Lines below starting with the line with "then show ?case using insert.hyps" and going on through the line with "by (simp add: esym_eq_0)" must be output exactly; the rest of the records must be left out.

(Saved data entries)
* * * * *

lemma finite_parts_in:
  assumes "0 \<notin> K"
  shows "finite (parts_in K n)"
proof (rule finite_subset)
  show "parts_in K n \<subseteq> (\<Union>m\<le>n. multisets_of_size {1..n} m)"
  proof
    fix E assume E: "E \<in> parts_in K n"
    then have "\<forall>x\<in>#E. 1 \<le> x" using assms by (auto simp: parts_in_def Suc_le_eq intro!: gr0I)
    then have "size E \<le> sum_mset E" by (induction E) auto
    moreover have "set_mset E \<subseteq> {1..n}"
      using \<open>\<forall>x\<in>#E. 1 \<le> x\<close> E member_le_sum_mset by (fastforce simp: parts_in_def)
    ultimately show "E \<in> (\<Union>m\<le>n. multisets_of_size {1..n} m)"
      using E by (auto simp: multisets_of_size_def parts_in_def)
  qed
qed auto

lemma card_parts_in_insert:
  assumes "k \<notin> K" "0 < k" "0 \<notin> K"
  shows "card (parts_in (insert k K) n) =
    card (parts_in K n) + (if k \<le> n then card (parts_in (insert k K) (n - k)) else 0)"
proof -
  define B where "B = {E \<in> parts_in (insert k K) n. k \<in># E}"
  have split: "parts_in (insert k K) n = parts_in K n \<union> B"
    by (auto simp: parts_in_def B_def)
  have B: "B = add_mset k ` parts_in (insert k K) (n - k)" if "k \<le> n"
  proof
    show "B \<subseteq> add_mset k ` parts_in (insert k K) (n - k)"
    proof
      fix E assume "E \<in> B"
      then have "E = add_mset k (E - {#k#})" "E - {#k#} \<in> parts_in (insert k K) (n - k)"
        by (auto simp: B_def parts_in_def insert_DiffM dest: in_diffD)
          (metis add_diff_cancel_left' insert_DiffM sum_mset.add_mset)
      then show "E \<in> add_mset k ` parts_in (insert k K) (n - k)" by blast
    qed
  qed (use that in \<open>auto simp: B_def parts_in_def\<close>)
  have "B = {}" if "\<not> k \<le> n"
    using that member_le_sum_mset by (fastforce simp: B_def parts_in_def)
  then have "card B = (if k \<le> n then card (parts_in (insert k K) (n - k)) else 0)"
    using B by (simp add: card_image inj_on_def)
  moreover have "finite B"
    using finite_parts_in[of "insert k K" n] assms by (simp add: B_def)
  moreover have "parts_in K n \<inter> B = {}"
    using assms(1) by (auto simp: B_def parts_in_def)
  ultimately show ?thesis
    unfolding split using finite_parts_in[OF assms(3)] by (simp add: card_Un_disjoint)
qed

lemma coeff_prod_geom_fps:
  assumes "finite K" "0 \<notin> K"
  shows "(\<Prod>k\<in>K. geom_fps k) $ n = int (card (parts_in K n))"
  using assms
proof (induction K arbitrary: n rule: finite_induct)
  case empty
  have "parts_in {} n = (if n = 0 then {{#}} else {})" by (auto simp: parts_in_def)
  then show ?case by simp
next
  case (insert k K)
  then have k: "0 < k" and K: "0 \<notin> K" by auto
  define G where "G = geom_fps k * (\<Prod>k\<in>K. geom_fps k)"
  have G: "G = (\<Prod>k\<in>K. geom_fps k) + fps_X ^ k * G"
    unfolding G_def by (subst (1) geom_fps_unfold[OF k]) (simp add: algebra_simps)
  have "G $ m = int (card (parts_in (insert k K) m))" for m
  proof (induction m rule: less_induct)
    case (less m)
    have "G $ m = (\<Prod>k\<in>K. geom_fps k) $ m + (if m < k then 0 else G $ (m - k))"
      by (subst G) (simp add: fps_X_power_mult_nth)
    also have "\<dots> = int (card (parts_in (insert k K) m))"
      using insert.IH[OF K] less k card_parts_in_insert[OF insert.hyps(2) k K, of m] by auto
    finally show ?case .
  qed
  then show ?case using insert.hyps by (simp add: G_def)
qed

section \<open>Elementary symmetric functions\<close>

text \<open>esym a c is the c-th elementary symmetric polynomial of X^3, X^7, ..., X^(4a-1).\<close>
fun esym :: "nat \<Rightarrow> nat \<Rightarrow> int fps" where
  "esym 0 c = (if c = 0 then 1 else 0)"
| "esym (Suc a) 0 = 1"
| "esym (Suc a) (Suc c) = esym a (Suc c) + fps_X ^ (4 * a + 3) * esym a c"

lemma esym_0_right [simp]: "esym a 0 = 1"
  by (cases a) auto

lemma esym_eq_0: "a < c \<Longrightarrow> esym a c = 0"
proof (induction a arbitrary: c)
  case (Suc a)
  then show ?case by (cases c) auto
qed simp

lemma prod_eq_sum_esym: "(\<Prod>i<a. 1 + fps_X ^ (4 * i + 3)) = (\<Sum>c\<le>a. esym a c)"
proof (induction a)
  case (Suc a)
  have "(\<Sum>c\<le>Suc a. esym (Suc a) c) = 1 + (\<Sum>c\<le>a. esym a (Suc c)) + fps_X ^ (4 * a + 3) * (\<Sum>c\<le>a. esym a c)"
    by (simp add: sum.atMost_Suc_shift sum.distrib sum_distrib_left del: sum.atMost_Suc)
  also have "1 + (\<Sum>c\<le>a. esym a (Suc c)) = (\<Sum>c\<le>Suc a. esym a c)"
    by (simp add: sum.atMost_Suc_shift del: sum.atMost_Suc)
  also have "\<dots> = (\<Sum>c\<le>a. esym a c)"
    by (simp add: esym_eq_0)
  finally show ?case using Suc by (simp add: algebra_simps)
qed simp

lemma fps_X_power_dvd_esym: "fps_X ^ (4 * c + 3) dvd esym a (Suc c)"
proof (induction a arbitrary: c)
  case (Suc a)
  have "fps_X ^ (4 * c + 3) dvd fps_X ^ (4 * a + 3) * esym a c"
  proof (cases c)
    case (Suc c')
    then have "fps_X ^ (4 * c + 3) dvd fps_X ^ (4 * a + 3) * fps_X ^ (4 * c' + 3)" if "c \<le> a"
      using that by (simp add: le_imp_power_dvd flip: power_add)
    then show ?thesis
      using Suc.IH[of c'] \<open>c = Suc c'\<close>
      by (cases "c \<le> a") (auto simp: esym_eq_0 intro: dvd_trans mult_dvd_mono)
  qed (simp add: le_imp_power_dvd)
  then show ?case using Suc.IH by simp
qed simp

text \<open>With q = X^4 one has esym b c = X^(2c^2+c) \<cdot> [b choose c]_q, and this is the ratio of two
  consecutive q-binomial coefficients.\<close>
lemma esym_Suc_Suc_ratio:
  "esym (Suc b) (Suc c) * (1 - fps_X ^ (4 * c + 4)) =
     fps_X ^ (4 * c + 3) * (1 - fps_X ^ (4 * b + 4)) * esym b c"
proof (induction b arbitrary: c)
  case 0
  then show ?case by (cases c) (auto simp: algebra_simps)
next
  case (Suc b)
  define B where "B = (fps_X :: int fps) ^ (4 * b)"
  have rec: "esym (Suc (Suc b)) (Suc c) = esym (Suc b) (Suc c) + B * fps_X ^ 7 * esym (Suc b) c"
    by (simp add: B_def flip: power_add)
  show ?case
  proof (cases c)
    case 0
    have "esym (Suc b) 1 * (1 - fps_X ^ 4) = fps_X ^ 3 * (1 - B * fps_X ^ 4)"
      using Suc.IH[of 0] by (simp add: B_def flip: power_add)
    moreover have "esym (Suc (Suc b)) 1 = esym (Suc b) 1 + B * fps_X ^ 7"
      using rec 0 by simp
    ultimately have "esym (Suc (Suc b)) 1 * (1 - fps_X ^ 4) = fps_X ^ 3 * (1 - B * fps_X ^ 8)"
      by algebra
    then show ?thesis
      by (simp add: 0 B_def flip: power_add)
  next
    case (Suc c')
    define a where "a = (fps_X :: int fps) ^ (4 * c')"
    define x3 x4 x7 x8 where "x3 = (fps_X :: int fps) ^ 3" "x4 = (fps_X :: int fps) ^ 4"
      "x7 = (fps_X :: int fps) ^ 7" "x8 = (fps_X :: int fps) ^ 8"
    have pw: "fps_X ^ (4 * c' + 4) = a * x4" "fps_X ^ (4 * c' + 3) = a * x3"
      "fps_X ^ (4 * c + 4) = a * x8" "fps_X ^ (4 * c + 3) = a * x7"
      "fps_X ^ (4 * b + 4) = B * x4" "fps_X ^ (4 * b + 3) = B * x3"
      "fps_X ^ (4 * Suc b + 4) = B * x8" "fps_X ^ 7 = x7"
      by (simp_all add: Suc a_def B_def x3_x4_x7_x8_def flip: power_add)
    have IH1: "esym (Suc b) (Suc c) * (1 - a * x8) = a * x7 * (1 - B * x4) * esym b c"
      using Suc.IH[of c] unfolding pw .
    have IH2: "esym (Suc b) c * (1 - a * x4) = a * x3 * (1 - B * x4) * esym b c'"
      using Suc.IH[of c'] unfolding pw Suc[symmetric] .
    have rec': "esym (Suc b) c = esym b c + B * x3 * esym b c'"
      using Suc by (simp add: pw(6))
    have "esym (Suc (Suc b)) (Suc c) * (1 - a * x8) = a * x7 * (1 - B * x8) * esym (Suc b) c"
      using IH1 IH2 rec[unfolded pw] rec' by algebra
    then show ?thesis unfolding pw .
  qed
qed

section \<open>Odd parts with gaps and the closed form of their series\<close>

definition gap_sets :: "nat \<Rightarrow> nat set set" where
  "gap_sets K = {S. S \<subseteq> {3..2 * K + 1} \<and> (\<forall>x\<in>S. odd x) \<and> (\<forall>x\<in>S. \<forall>y\<in>S. x < y \<longrightarrow> x + 4 \<le> y)}"

definition gap_sum :: "nat \<Rightarrow> int fps" where
  "gap_sum K = (\<Sum>S\<in>gap_sets K. \<Prod>b\<in>S. fps_X ^ b - fps_X ^ (2 * b - 1))"

lemma finite_gap_sets: "finite (gap_sets K)"
  by (rule finite_subset[of _ "Pow {3..2 * K + 1}"]) (auto simp: gap_sets_def)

* * * * *

Written response |
  then show ?case using insert.hyps by (simp add: G_def)
qed

section \<open>Elementary symmetric functions\<close>

text \<open>esym a c is the c-th elementary symmetric polynomial of X^3, X^7, ..., X^(4a-1).\<close>
fun esym :: "nat \<Rightarrow> nat \<Rightarrow> int fps" where
  "esym 0 c = (if c = 0 then 1 else 0)"
| "esym (Suc a) 0 = 1"
| "esym (Suc a) (Suc c) = esym a (Suc c) + fps_X ^ (4 * a + 3) * esym a c"

lemma esym_0_right [simp]: "esym a 0 = 1"
  by (cases a) auto

lemma esym_eq_0: "a < c \<Longrightarrow> esym a c = 0"
proof (induction a arbitrary: c)
  case (Suc a)
  then show ?case by (cases c) auto
qed simp

lemma prod_eq_sum_esym: "(\<Prod>i<a. 1 + fps_X ^ (4 * i + 3)) = (\<Sum>c\<le>a. esym a c)"
proof (induction a)
  case (Suc a)
  have "(\<Sum>c\<le>Suc a. esym (Suc a) c) = 1 + (\<Sum>c\<le>a. esym a (Suc c)) + fps_X ^ (4 * a + 3) * (\<Sum>c\<le>a. esym a c)"
    by (simp add: sum.atMost_Suc_shift sum.distrib sum_distrib_left del: sum.atMost_Suc)
  also have "1 + (\<Sum>c\<le>a. esym a (Suc c)) = (\<Sum>c\<le>Suc a. esym a c)"
    by (simp add: sum.atMost_Suc_shift del: sum.atMost_Suc)
  also have "\<dots> = (\<Sum>c\<le>a. esym a c)"
    by (simp add: esym_eq_0)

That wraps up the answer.